"Whose is it?" Bunny wanted to know. "I found it, didn't I?"

"Yes, but we must try to learn to whom it belongs, and give it back," Uncle Tad went on. "They may give a reward for it, and then you would have real money."

Bunny could not understand this, nor could Sue. If you found a thing why couldn't you keep it? the little boy wondered. Also when something looked so much like money, as this gold and green paper looked like nice new bills from the bank, why couldn't some of it be spent for candy? Bunny and Sue wondered about this.

But when Prince was driven across the tracks to the freight depot, and when Bunny Brown and his sister Sue were given some pennies by Uncle Tad and allowed to go to a near-by store while the boxes of motor boat parts were being loaded into the sleigh, the two children forgot all about the oil stock paper.

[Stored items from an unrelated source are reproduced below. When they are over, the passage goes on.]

lemma upper_triangular_pow:
  fixes B :: "'a::semiring_1 mat"
  assumes B: "B \<in> carrier_mat n n" and uB: "upper_triangular B"
  shows "upper_triangular (B ^\<^sub>m m) \<and> (\<forall>i<n. (B ^\<^sub>m m) $$ (i,i) = B $$ (i,i) ^ m)"
proof (induction m)
  case 0
  then show ?case using B by auto
next
  case (Suc m)
  then show ?case
    using upper_triangular_mult[OF pow_carrier_mat[OF B] B] uB by (auto simp: power_commutes)
qed

lemma proots_prod_linear_factors:
  "proots (\<Prod>a\<leftarrow>as. [:-a, 1:]) = mset (as :: 'a::idom list)"
proof (induction as)
  case (Cons a as)
  have "(\<Prod>a\<leftarrow>as. [:-a, 1:]) \<noteq> 0"
    by (auto simp: prod_list_zero_iff)
  then show ?case
    using Cons proots_linear_factor[of "-a"] by (simp add: proots_mult del: mult_pCons_left)
qed simp

lemma mat_trace_pow_eq_sum_proots:
  fixes A :: "complex mat"
  assumes A: "A \<in> carrier_mat n n"
  shows "mat_trace (A ^\<^sub>m m) = (\<Sum>a\<in>#proots (char_poly A). a ^ m)"
proof -
  obtain as where cp: "char_poly A = (\<Prod>a\<leftarrow>as. [:-a, 1:])"
    using char_poly_factorized[OF A] by blast
  obtain B P Q where sd: "schur_decomposition A as = (B,P,Q)"
    by (cases "schur_decomposition A as") auto
  from schur_decomposition[OF A cp sd]
  have sim: "similar_mat_wit A B P Q" and uB: "upper_triangular B" and dB: "diag_mat B = as"
    by auto
  from similar_mat_witD2[OF A sim]
  have B: "B \<in> carrier_mat n n" and P: "P \<in> carrier_mat n n" and Q: "Q \<in> carrier_mat n n"
    and QP: "Q * P = 1\<^sub>m n"
    by auto
  have Bm: "B ^\<^sub>m m \<in> carrier_mat n n"
    using B by simp
  have "mat_trace (A ^\<^sub>m m) = mat_trace (P * (B ^\<^sub>m m * Q))"
    using similar_mat_wit_pow_id[OF sim] by (simp add: assoc_mult_mat[OF P Bm Q])
  also have "\<dots> = mat_trace (B ^\<^sub>m m * Q * P)"
    using Bm Q by (intro mat_trace_mult_comm[OF P]) auto
  also have "B ^\<^sub>m m * Q * P = B ^\<^sub>m m"
    using QP by (simp add: assoc_mult_mat[OF Bm Q P] right_mult_one_mat[OF Bm])
  also have "mat_trace (B ^\<^sub>m m) = (\<Sum>i<n. B $$ (i,i) ^ m)"
    using upper_triangular_pow[OF B uB, of m] B unfolding mat_trace_def by auto
  also have "\<dots> = (\<Sum>a\<leftarrow>as. a ^ m)"
    using dB B by (auto simp: diag_mat_def comp_def interv_sum_list_conv_sum_set_nat atLeast0LessThan)
  also have "\<dots> = (\<Sum>a\<in>#proots (char_poly A). a ^ m)"
    by (simp add: cp proots_prod_linear_factors sum_mset_sum_list flip: mset_map)
  finally show ?thesis .
qed

section \<open>Eigenvalues of Hermitian matrices\<close>

definition hermitian_mat :: "nat \<Rightarrow> complex mat \<Rightarrow> bool" where
  "hermitian_mat n A \<longleftrightarrow> A \<in> carrier_mat n n \<and> (\<forall>i<n. \<forall>j<n. A $$ (j,i) = cnj (A $$ (i,j)))"

lemma hermitian_mat_carrier: "hermitian_mat n A \<Longrightarrow> A \<in> carrier_mat n n"
  by (simp add: hermitian_mat_def)

lemma hermitian_mat_cnj:
  "hermitian_mat n A \<Longrightarrow> i < n \<Longrightarrow> j < n \<Longrightarrow> cnj (A $$ (i,j)) = A $$ (j,i)"
  unfolding hermitian_mat_def by (metis complex_cnj_cnj)

lemma char_poly_root_eigenvector:
  fixes A :: "complex mat"
  assumes A: "A \<in> carrier_mat n n" and r: "poly (char_poly A) r = 0"
  obtains v i0 where "i0 < n" "v $ i0 \<noteq> 0"
    and "\<And>i. i < n \<Longrightarrow> (\<Sum>j<n. A $$ (i,j) * v $ j) = r * v $ i"
proof -
  obtain v where v: "v \<in> carrier_vec n" "v \<noteq> 0\<^sub>v n" and Av: "A *\<^sub>v v = r \<cdot>\<^sub>v v"
    using r eigenvalue_root_char_poly[OF A] A unfolding eigenvalue_def eigenvector_def by auto
  obtain i0 where "i0 < n" "v $ i0 \<noteq> 0"
    using v by (metis eq_vecI index_zero_vec carrier_vecD)
  moreover have "(\<Sum>j<n. A $$ (i,j) * v $ j) = r * v $ i" if "i < n" for i
  proof -
    have "(A *\<^sub>v v) $ i = (\<Sum>j<n. A $$ (i,j) * v $ j)"
      using A v that by (auto simp: scalar_prod_def atLeast0LessThan intro!: sum.cong)
    then show ?thesis
      using Av that v by simp
  qed
  ultimately show ?thesis
    using that by blast
qed

lemma hermitian_char_poly_root_real:
  assumes A: "hermitian_mat n A" and r: "poly (char_poly A) r = 0"
  shows "Im r = 0"
proof -
  note car = hermitian_mat_carrier[OF A] and herm = hermitian_mat_cnj[OF A]
  obtain v i0 where i0: "i0 < n" "v $ i0 \<noteq> 0"
    and ev: "\<And>i. i < n \<Longrightarrow> (\<Sum>j<n. A $$ (i,j) * v $ j) = r * v $ i"
    using char_poly_root_eigenvector[OF car r] by metis
  define S where "S = (\<Sum>i<n. cnj (v $ i) * (\<Sum>j<n. A $$ (i,j) * v $ j))"
  define N where "N = (\<Sum>i<n. cnj (v $ i) * v $ i)"
  have "S = r * N"
    unfolding S_def N_def using ev by (auto simp: sum_distrib_left intro!: sum.cong)
  have "cnj S = (\<Sum>i<n. \<Sum>j<n. v $ i * cnj (A $$ (i,j)) * cnj (v $ j))"
    unfolding S_def by (simp add: sum_distrib_left mult.assoc)
  also have "\<dots> = (\<Sum>i<n. \<Sum>j<n. cnj (v $ j) * (A $$ (j,i) * v $ i))"
    by (intro sum.cong refl) (simp add: herm mult_ac)
  also have "\<dots> = S"
    unfolding S_def by (subst sum.swap) (simp add: sum_distrib_left)
  finally have "Im S = 0"
    by (metis cnj.simps(2) neg_equal_zero)
  have "N = of_real (\<Sum>i<n. (cmod (v $ i))\<^sup>2)"
    unfolding N_def of_real_sum
    by (intro sum.cong refl) (metis complex_norm_square mult.commute of_real_power)
  moreover have "(\<Sum>i<n. (cmod (v $ i))\<^sup>2) > 0"
    using i0 by (intro sum_pos2[of _ i0]) auto
  ultimately show "Im r = 0"
    using \<open>S = r * N\<close> \<open>Im S = 0\<close> by simp
qed

lemma char_poly_root_norm_le_row_sum:
  fixes A :: "complex mat"
  assumes A: "A \<in> carrier_mat n n" and r: "poly (char_poly A) r = 0"
    and R: "\<And>i. i < n \<Longrightarrow> (\<Sum>j<n. cmod (A $$ (i,j))) \<le> R"
  shows "cmod r \<le> R"
proof -
  obtain v i0 where i0: "i0 < n" "v $ i0 \<noteq> 0"
    and ev: "\<And>i. i < n \<Longrightarrow> (\<Sum>j<n. A $$ (i,j) * v $ j) = r * v $ i"
    using char_poly_root_eigenvector[OF A r] by metis
  define M where "M = Max ((\<lambda>j. cmod (v $ j)) ` {..<n})"
  have M_ge: "cmod (v $ j) \<le> M" if "j < n" for j
    unfolding M_def using that by (intro Max_ge) auto
  obtain i where i: "i < n" "M = cmod (v $ i)"
    unfolding M_def using i0 Max_in[of "(\<lambda>j. cmod (v $ j)) ` {..<n}"] by fastforce
  have "M > 0"
    using M_ge[OF i0(1)] i0(2) by (meson less_le_trans zero_less_norm_iff)
  have "cmod r * M = cmod (\<Sum>j<n. A $$ (i,j) * v $ j)"
    using ev[OF i(1)] i(2) by (simp add: norm_mult)
  also have "\<dots> \<le> (\<Sum>j<n. cmod (A $$ (i,j)) * M)"
    by (rule order.trans[OF norm_sum]) (auto simp: norm_mult intro!: sum_mono mult_left_mono M_ge)
  also have "\<dots> \<le> R * M"
    using R[OF i(1)] \<open>M > 0\<close> by (simp flip: sum_distrib_right)
  finally show ?thesis
    using \<open>M > 0\<close> by simp
qed

lemma proots_char_poly_hermitian:
  assumes A: "hermitian_mat n A"
  shows "proots (char_poly A) = mset (map (\<lambda>j. complex_of_real (fiber_eigenvalue A j)) [1..<Suc n])"
proof -
  let ?P = "proots (char_poly A)"
  note car = hermitian_mat_carrier[OF A]
  have "char_poly A \<noteq> 0"
    using degree_monic_char_poly[OF car] by auto
  then have real: "complex_of_real (Re a) = a" if "a \<in># ?P" for a
    using hermitian_char_poly_root_real[OF A] that by (simp add: complex_eq_iff)
  define L where "L = sorted_list_of_multiset (image_mset Re ?P)"
  have "length L = n"
    using size_proots_complex[of "char_poly A"] degree_monic_char_poly[OF car]
    unfolding L_def by (metis size_image_mset size_mset mset_sorted_list_of_multiset)
  then have "map (\<lambda>j. complex_of_real (fiber_eigenvalue A j)) [1..<Suc n] = map complex_of_real L"
    unfolding fiber_eigenvalue_def L_def[symmetric] by (intro nth_equalityI) (auto simp del: upt_Suc)
  also have "mset \<dots> = image_mset (\<lambda>a. complex_of_real (Re a)) ?P"
    unfolding L_def by (simp add: multiset.map_comp comp_def)
  also have "\<dots> = ?P"
    using real by (simp add: multiset.map_ident_strong)
  finally show ?thesis ..
qed

lemma mat_trace_pow_hermitian:
  assumes A: "hermitian_mat n A"
  shows "mat_trace (A ^\<^sub>m m) = (\<Sum>j=1..n. complex_of_real (fiber_eigenvalue A j) ^ m)"
  using hermitian_mat_carrier[OF A]
  by (simp add: mat_trace_pow_eq_sum_proots proots_char_poly_hermitian[OF A] sum_mset_sum_list
      interv_sum_list_conv_sum_set_nat atLeastLessThanSuc_atLeastAtMost del: upt_Suc flip: mset_map)

lemma abs_fiber_eigenvalue_le:
  assumes A: "hermitian_mat n A" and j: "1 \<le> j" "j \<le> n"
    and R: "\<And>i. i < n \<Longrightarrow> (\<Sum>k<n. cmod (A $$ (i,k))) \<le> R"
  shows "\<bar>fiber_eigenvalue A j\<bar> \<le> R"
proof -
  note car = hermitian_mat_carrier[OF A]
  have "char_poly A \<noteq> 0"
    using degree_monic_char_poly[OF car] by auto
  moreover have "complex_of_real (fiber_eigenvalue A j) \<in># proots (char_poly A)"
    unfolding proots_char_poly_hermitian[OF A] using j by (auto simp del: upt_Suc)
  ultimately have "poly (char_poly A) (complex_of_real (fiber_eigenvalue A j)) = 0"
    by simp
  from char_poly_root_norm_le_row_sum[OF car this R] show ?thesis
    by simp
qed

lemma eq_if_not_cInf_less_cSup:
  fixes S :: "'a::conditionally_complete_linorder set"
  assumes "bdd_below S" "bdd_above S" "\<not> Inf S < Sup S" "x \<in> S" "y \<in> S"
  shows "x = y"
  using cInf_lower[OF assms(4,1)] cSup_upper[OF assms(4,2)]
    cInf_lower[OF assms(5,1)] cSup_upper[OF assms(5,2)] assms(3)
  by (metis antisym not_less order_trans)

section \<open>Flat bands\<close>

lemma fiber_op_carrier: "fiber_op d \<nu> E src tgt \<tau> a V k \<in> carrier_mat \<nu> \<nu>"
  unfolding fiber_op_def by simp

They were more interested in getting the kind of candy they wanted.

"Wouldn't it be nice, Bunny," said Sue, as she chewed a red gumdrop, "if you'd get a lot of money so we could spend it in Florida?"

"Course it would be nice," her brother agreed. "But where shall I get a lot of money?" and he bit the end off a stick of cocoanut candy.

"You might get it from that stiff thing you found," went on Sue. "But I don't think it's very stiff. I saw Uncle Tad bend it when he put it in his pocket."

"Oh, you mean that stiff cut," laughed Bunny, as he remembered the paper he had picked up in the snow. "Isn't it a funny name, Sue—stiff cut? I s'pose somebody cut the paper. But it isn't very stiff if you can bend it."

Of course Bunny and Sue did not get the name just right, but then, as they didn't understand about certificates and oil stock, there is no use in worrying over the matter.

Uncle Tad and the freight man finished putting into the sleigh the different boxes for Daddy Brown's motor boat in which Bunker Blue often went out after fish in the summer, sometimes taking Bunny and Sue with him. By this time the two children came back from the candy store and got in the sleigh.